10 août 2004

Die Fälschung (Völker Schlöndorff, 1981) 

Un film sur la guerre. Sur le journalisme en temps de guerre. Sur le couple à bout de souffle du journaliste. Et sur les histoires qu'on se racontent pour supporter l'horreur de la guerre et la mort de l'amour. Le titre français est "Le faussaire" ; le titre allemand dit, plus exactement, "Le faux".

Ca commence dans les brouillards de l'Allemagne du nord. Notre héros, le journaliste Georg Laschen, arrive à bord d'une voiture typiquement allemande devant sa maison typiquement allemande. Engueulade avec sa femme, typiquement allemande elle aussi. Lui annonce qu'il se barre en reportage de longue durée au Liban, où la guerre fait rage. Discussion sur le thème "tu ne vois jamais tes enfants". On le sent plutôt content de s'extirper de cette situation tendue.

Rideau. Beyrouth : grand hôtel rempli de journalistes occidentaux, de champagne, de danseuses du ventre, d'expatriés cyniques et de petits trafiquants. Un peu à la Casablanca en fait, avec tout ce que cela comporte de faux semblants et de chacun pour soi derrière les manières policées d'une clientèle friquée.
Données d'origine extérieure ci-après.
lemma sum_distinct_pairs_prod:
  fixes c :: "'i \<Rightarrow> 'a::comm_ring_1"
  assumes "finite I"
  shows "(\<Sum>i\<in>I. \<Sum>k\<in>I - {i}. c i * c k) = (\<Sum>i\<in>I. c i)^2 - (\<Sum>i\<in>I. c i^2)"
proof -
  have "(\<Sum>i\<in>I. \<Sum>k\<in>I - {i}. c i * c k) = (\<Sum>i\<in>I. c i * ((\<Sum>k\<in>I. c k) - c i))"
    using assms by (intro sum.cong refl) (simp add: sum_distrib_left[symmetric] sum_diff1)
  also have "\<dots> = (\<Sum>i\<in>I. c i)^2 - (\<Sum>i\<in>I. c i^2)"
    by (simp add: algebra_simps sum_subtractf sum_distrib_right[symmetric] power2_eq_square)
  finally show ?thesis .
qed

lemma sum_distinct_triples_prod:
  fixes c :: "'i \<Rightarrow> 'a::comm_ring_1"
  assumes "finite I"
  shows "(\<Sum>i\<in>I. \<Sum>k\<in>I - {i}. \<Sum>l\<in>I - {i} - {k}. c i * c k * c l) =
     (\<Sum>i\<in>I. c i)^3 - 3 * (\<Sum>i\<in>I. c i) * (\<Sum>i\<in>I. c i^2) + 2 * (\<Sum>i\<in>I. c i^3)"
proof -
  define S where "S = (\<Sum>i\<in>I. c i)"
  define S2 where "S2 = (\<Sum>i\<in>I. c i^2)"
  have "(\<Sum>i\<in>I. \<Sum>k\<in>I - {i}. \<Sum>l\<in>I - {i} - {k}. c i * c k * c l) =
        (\<Sum>i\<in>I. c i * ((S - c i)^2 - (S2 - c i^2)))"
  proof (rule sum.cong[OF refl])
    fix i assume "i \<in> I"
    have "(\<Sum>k\<in>I - {i}. \<Sum>l\<in>I - {i} - {k}. c i * c k * c l) =
          c i * (\<Sum>k\<in>I - {i}. \<Sum>l\<in>I - {i} - {k}. c k * c l)"
      by (simp add: sum_distrib_left mult.assoc)
    also have "(\<Sum>k\<in>I - {i}. \<Sum>l\<in>I - {i} - {k}. c k * c l) =
          (\<Sum>k\<in>I - {i}. c k)^2 - (\<Sum>k\<in>I - {i}. c k^2)"
      using assms by (rule sum_distinct_pairs_prod[OF finite_Diff])
    also have "\<dots> = (S - c i)^2 - (S2 - c i^2)"
      using assms \<open>i \<in> I\<close> by (simp add: sum_diff1 S_def S2_def)
    finally show "(\<Sum>k\<in>I - {i}. \<Sum>l\<in>I - {i} - {k}. c i * c k * c l) =
        c i * ((S - c i)^2 - (S2 - c i^2))" .
  qed
  also have "\<dots> = (\<Sum>i\<in>I. S^2 * c i - 2 * S * c i^2 + 2 * c i^3 - S2 * c i)"
    by (rule sum.cong[OF refl]) (simp add: algebra_simps power2_eq_square power3_eq_cube)
  also have "\<dots> = S^2 * S - 2 * S * S2 + 2 * (\<Sum>i\<in>I. c i^3) - S2 * S"
    by (simp add: sum.distrib sum_subtractf sum_distrib_left[symmetric] S_def S2_def)
  finally show ?thesis
    unfolding S_def S2_def by (simp add: power2_eq_square power3_eq_cube algebra_simps)
qed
Dehors, la guerre. La vraie. Brutale, cruelle, interminable, futile, inhumaine. Les gamins en armes. Les snipers qui s'amusent à dégommer des vieillards pour se faire la main. Les concerts de kalachnikov et de lance roquettes dès que la nuit commence. Les familles passées par les armes, pour le principe. Les cadavres brûlés sur la plage, dans les rues, dans des voitures abandonnées. Le risque permanent de se prendre une rafale, perdue ou pas.

Et puis cette ivresse paradoxale du journaliste "sur le terrain". La sensation de se sentir invulnérable, à force de courir entre les balles. Le sentiment de pouvoir exposer à la face du monde les atrocités commises par les milices chrétiennes. De faire avancer les choses. Sauf que les choses, au Liban, ne cessent de reculer. Que les forces palestiennes ne sont pas les dernières au grand jeu de la barbarie ordinaire. Que, comme le dit Laschen, il y a pire que de ne pas savoir : savoir, et ne pas se battre. Que le modèle du journaliste qui enregistre froidement les événements, shoote les cadavres, questionne les miliciens aux mains sanglantes, ne peut qu'exploser au contact de la réalité.

Et le dégoût monte lentement. Jusqu'à l'explosion finale. Qui ne résoud rien, car il n'y a vraiment plus rien à résoudre dans cet enfer.

Le film a été tourné à Beyrouth, ce qui lui donne des faux airs de documentaire sur la guerre au Liban. Mais il parvient à faire passer des vérités plus générales. Grâce au talent de Schlöndorff et à l'interprétation magnifique de Bruno Ganz.